I am really excited for the second game against Wales at Ashton Gate. The location for this match is perfect as there will be many Welsh fans who make the drive across the bridge to show their support for the Welsh Women. The atmosphere, as like any England v Wales game will be incredible. A day full of passion, great ruby and bitter rivalries.

The game against Ireland on 20th April will hopefully be another history-maker. No, not because it’s my mum’s birthday (I couldn’t possibly not mention it!) but because we are back at HQ for the second year running in a standalone Six Nations game. As always we are wanting to keep moving forward and pushing boundaries, so I’m excited to see what attendance we can reach this year – one year out from a World Cup.

Related

The Dual between Saracens and Harlequins was a massive occasion. The media team at Saracens did really well to promote it and make it really visible for people to get involved in the hype. We did a bit of a promo video of a confession booth and that went down really well. I think it put a bit of pressure on us because there was a bit of hype around it so we had to go out and perform.

There were some really positive bits of rugby, and there were also some parts where we probably didn’t execute. It’s now just a case of learning from Harlequins and taking it forward to the Super PWR weekend that’s coming up for us against Leicester Tigers and righting some wrongs again like we try and do every week.

ADVERTISEMENT

The Super PWR weekend coming up will also be massive.

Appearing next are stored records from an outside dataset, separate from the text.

lemma is_walk_snoc: "is_walk E s w \<Longrightarrow> (last w, v) \<in> E \<Longrightarrow> is_walk E s (w @ [v])"
  unfolding is_walk_def
proof (intro conjI allI impI)
  assume h: "w \<noteq> [] \<and> hd w = s \<and> (\<forall>i. Suc i < length w \<longrightarrow> (w ! i, w ! Suc i) \<in> E)" "(last w, v) \<in> E"
  show "w @ [v] \<noteq> []" "hd (w @ [v]) = s" using h by simp_all
  fix i assume i: "Suc i < length (w @ [v])"
  show "((w @ [v]) ! i, (w @ [v]) ! Suc i) \<in> E"
  proof (cases "Suc i < length w")
    case True thus ?thesis using h by (simp add: nth_append)
  next
    case False
    hence "i = length w - 1" "Suc i = length w" using i by simp_all
    thus ?thesis using h by (simp add: nth_append last_conv_nth)
  qed
qed

lemma is_walk_take: "is_walk E s w \<Longrightarrow> is_walk E s (take (Suc i) w)"
  unfolding is_walk_def by auto

lemma is_walk_last_in: "E \<subseteq> V \<times> V \<Longrightarrow> s \<in> V \<Longrightarrow> is_walk E s w \<Longrightarrow> last w \<in> V"
proof -
  assume EV: "E \<subseteq> V \<times> V" and sV: "s \<in> V" and w: "is_walk E s w"
  show ?thesis
  proof (cases "length w = 1")
    case True thus ?thesis using w sV by (cases w) (auto simp: is_walk_def)
  next
    case False
    then obtain n where n: "length w = Suc (Suc n)"
      using w by (cases w; cases "tl w") (auto simp: is_walk_def)
    hence "(w ! n, w ! Suc n) \<in> E" using w by (auto simp: is_walk_def)
    thus ?thesis using EV n w by (auto simp: last_conv_nth is_walk_nonempty)
  qed
qed

lemma last_take_Suc: "i < length w \<Longrightarrow> last (take (Suc i) w) = w ! i"
  by (simp add: take_Suc_conv_app_nth)

lemma fprime_eqI:
  "length S = length W \<Longrightarrow> (\<And>i. i < length S \<Longrightarrow> f (S ! i) = Some (W ! i)) \<Longrightarrow> fprime f S = W"
proof (induction S arbitrary: W)
  case Nil thus ?case by (simp add: fprime_def)
next
  case (Cons x xs)
  then obtain y ys where W: "W = y # ys" by (cases W) auto
  have "f x = Some y" using Cons.prems(2)[of 0] W by simp
  moreover have "fprime f xs = ys" using Cons.IH[of ys] Cons.prems W by force
  ultimately show ?case using W by (simp add: fprime_def)
qed

lemma length_fprime: "(\<And>x. x \<in> set S \<Longrightarrow> f x \<noteq> None) \<Longrightarrow> length (fprime f S) = length S"
  by (induction S) (auto simp: fprime_def split: option.splits)

definition ribbon_seq :: "nat list \<Rightarrow> nat assembly list" where
  "ribbon_seq w = map (\<lambda>i. ribbon (0, 0) (take (Suc i) w)) [0..<length w]"

lemma length_ribbon_seq [simp]: "length (ribbon_seq w) = length w"
  by (simp add: ribbon_seq_def)

lemma nth_ribbon_seq [simp]: "i < length w \<Longrightarrow> ribbon_seq w ! i = ribbon (0, 0) (take (Suc i) w)"
  by (simp add: ribbon_seq_def)

lemma ribbon_seq_snoc: "ribbon_seq (w @ [v]) = ribbon_seq w @ [ribbon (0, 0) (w @ [v])]"
  by (rule nth_equalityI) (auto simp: nth_append)

lemma fuel_ribbon_seq: "fuel (ribbon_seq w) = 2 * (length w - 1)"
proof -
  have "fuel_step (ribbon_seq w ! i) (ribbon_seq w ! Suc i) = 2" if "i < length w - 1" for i
    using that card_ribbon[of "take (Suc i) w" "(0, 0)"] card_ribbon[of "take (Suc (Suc i)) w" "(0, 0)"]
    by (cases w) (auto simp: fuel_step_def)
  thus ?thesis unfolding fuel_def by simp
qed

section \<open>Producible assemblies\<close>

locale start_graph =
  fixes V :: "nat set" and E :: "(nat \<times> nat) set" and s :: nat
  assumes finite_V: "finite V" and E_sub: "E \<subseteq> V \<times> V" and start_in: "s \<in> V"
begin

definition edge_bricks :: "nat assembly set" where
  "edge_bricks = (\<lambda>(upper, a, b). brick (0, 0) upper a b) ` (UNIV \<times> E)"

definition initial_set :: "nat assembly set" where
  "initial_set = insert (ribbon (0, 0) [s]) edge_bricks"

definition walk_assemblies :: "nat assembly set" where
  "walk_assemblies = {ribbon p w | p w. is_walk E s w} \<union> edge_bricks"

lemma edge_bricks_iff: "X \<in> edge_bricks \<longleftrightarrow> (\<exists>upper a b. (a, b) \<in> E \<and> X = brick (0, 0) upper a b)"
  unfolding edge_bricks_def by force

lemma walk_assembliesE:
  assumes "X \<in> walk_assemblies"
  obtains (ribbon) p w where "is_walk E s w" "X = ribbon p w"
    | (brick) upper a b where "(a, b) \<in> E" "X = brick (0, 0) upper a b"
proof -
  from assms have "(\<exists>p w. is_walk E s w \<and> X = ribbon p w) \<or> X \<in> edge_bricks"
    unfolding walk_assemblies_def by blast
  thus thesis using that edge_bricks_iff by metis
qed

lemma walk_assemblies_stable: "X \<in> walk_assemblies \<Longrightarrow> stable_asm strength X"
  by (cases rule: walk_assembliesE) (auto intro: ribbon_stable brick_stable dest: is_walk_nonempty)

lemma combinable_ribbon:
  assumes w: "is_walk E s w" and B: "B \<in> walk_assemblies" and comb: "combinable strength (ribbon p w) B C"
  obtains v where "(last w, v) \<in> E" "C = ribbon p (w @ [v])"
proof -
  from comb obtain t where t: "ribbon p w \<inter> translate t B = {}" "C = ribbon p w \<union> translate t B"
    "is_assembly C" "cut_weight strength (ribbon p w) (translate t B) \<ge> 1"
    unfolding combinable_def Let_def by blast
  have w_ne: "w \<noteq> []" using is_walk_nonempty[OF w] .
  from B show thesis
  proof (cases rule: walk_assembliesE)
    case (ribbon p' w')
    hence "translate t B = ribbon (pos_add p' t) w'" by (simp add: translate_ribbon)
    hence "cut_weight strength (ribbon p w) (translate t B) = 0"
      using cut_weight_ribbon_ribbon[OF w_ne is_walk_nonempty[OF ribbon(1)]] t by simp
    thus thesis using t(4) by simp
  next
    case (brick upper a b)
    hence tB: "translate t B = brick t upper a b" by (simp add: translate_brick pos_add_def)
    hence "a = last w \<and> upper = extends_top w \<and> t = extension_pos p w"
      using ribbon_brick_attach[OF w_ne] t by simp
    hence "C = ribbon p (w @ [b])" using t(2) tB ribbon_snoc[OF w_ne] by simp
    thus thesis using that brick(1) \<open>a = last w \<and> _\<close> by blast
  qed
qed

lemma combinable_edge_brick:
  assumes A: "A \<in> edge_bricks" and B: "B \<in> walk_assemblies" and comb: "combinable strength A B C"
  shows "C \<in> walk_assemblies"
proof -
  from comb obtain t where t: "A \<inter> translate t B = {}" "C = A \<union> translate t B"
    "is_assembly C" "cut_weight strength A (translate t B) \<ge> 1"
    unfolding combinable_def Let_def by blast
  from A obtain upper a b where ab: "(a, b) \<in> E" "A = brick (0, 0) upper a b"
    unfolding edge_bricks_iff by blast
  from B show ?thesis
  proof (cases rule: walk_assembliesE)
    case (ribbon p w)
    let ?q = "pos_add p t"
    have w_ne: "w \<noteq> []" using is_walk_nonempty[OF ribbon(1)] .
    have tB: "translate t B = ribbon ?q w" using ribbon by (simp add: translate_ribbon)
    have "cut_weight strength (ribbon ?q w) A \<ge> 1"
      using t(4) tB cut_weight_sym[of strength A] by simp
    hence attach: "a = last w \<and> upper = extends_top w \<and> (0, 0) = extension_pos ?q w"
      using ribbon_brick_attach[OF w_ne, of ?q "(0, 0)" upper a b] t tB ab(2) by (simp add: Un_commute Int_commute)
    hence "C = ribbon ?q (w @ [b])" using t(2) tB ab(2) ribbon_snoc[OF w_ne, of ?q b] by auto
    moreover have "is_walk E s (w @ [b])" using is_walk_snoc[OF ribbon(1)] ab(1) attach by simp
    ultimately show ?thesis unfolding walk_assemblies_def by blast
  next
    case (brick upper' a' b')
    have "translate t B = brick t upper' a' b'" using brick by (simp add: translate_brick pos_add_def)
    thus ?thesis using cut_weight_brick_brick[of "(0, 0)" upper a b t upper' a' b'] t ab(2) by simp
  qed
qed

lemma walk_assemblies_combinable:
  assumes A: "A \<in> walk_assemblies" and B: "B \<in> walk_assemblies" and comb: "combinable strength A B C"
  shows "C \<in> walk_assemblies"
  using A
proof (cases rule: walk_assembliesE)
  case (ribbon p w)
  then obtain v where "(last w, v) \<in> E" "C = ribbon p (w @ [v])"
    using combinable_ribbon B comb by metis
  thus ?thesis using is_walk_snoc[OF ribbon(1)] unfolding walk_assemblies_def by blast
next
  case brick
  hence "A \<in> edge_bricks" unfolding edge_bricks_iff by blast
  thus ?thesis using combinable_edge_brick B comb by blast
qed

lemma producible_walk_assemblies: "X \<in> producible strength initial_set \<Longrightarrow> X \<in> walk_assemblies"
proof (induction rule: producible.induct)
  case (init a)
  thus ?case using is_walk_start[of E s] unfolding initial_set_def walk_assemblies_def by blast
next
  case (comb A B C)
  thus ?case using walk_assemblies_combinable by blast
next
  case (brk1 C A B)
  thus ?case using stable_not_breakable walk_assemblies_stable by blast
next
  case (brk2 C A B)
  thus ?case using stable_not_breakable walk_assemblies_stable by blast
qed

text \<open>By \<open>ribbon_eq_last\<close> the choice of the walk does not matter.\<close>

definition ribbon_end :: "nat assembly \<Rightarrow> nat option" where
  "ribbon_end X = (if X \<in> producible strength initial_set \<and> (\<exists>p w. is_walk E s w \<and> X = ribbon p w)
     then Some (last (SOME w. \<exists>p. is_walk E s w \<and> X = ribbon p w)) else None)"

lemma ribbon_end_ribbon:
  assumes "ribbon p w \<in> producible strength initial_set" "is_walk E s w"
  shows "ribbon_end (ribbon p w) = Some (last w)"
proof -
  define w0 where "w0 = (SOME w'. \<exists>p'. is_walk E s w' \<and> ribbon p w = ribbon p' w')"
  have "\<exists>p'. is_walk E s w0 \<and> ribbon p w = ribbon p' w0"
    unfolding w0_def by (rule someI_ex) (use assms(2) in blast)
  then obtain p' where "is_walk E s w0" "ribbon p w = ribbon p' w0" by blast
  hence "last w = last w0" using ribbon_eq_last is_walk_nonempty assms(2) by metis
  moreover have "ribbon p w \<in> producible strength initial_set
      \<and> (\<exists>p' w'. is_walk E s w' \<and> ribbon p w = ribbon p' w')"
    using assms by blast
  ultimately show ?thesis by (simp only: ribbon_end_def w0_def if_P)
qed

Like anything, the only way you can get involved is if you can see it. There has definitely been a lot of promotion around it already. I hope it’s a weekend that can showcase what women’s rugby is about again and it’s another stepping stone in the right direction to try and make rugby a sport that’s ever-evolving, and getting us in a good place for the Women’s Rugby World Cup in 2025.

Hopefully it will also help with the PWR’s ten-year plan of trying to make the league professional. It’s a really good starting platform for us and it showcases that there are a lot of stakeholders trying to get involved and make the sport a better place to be.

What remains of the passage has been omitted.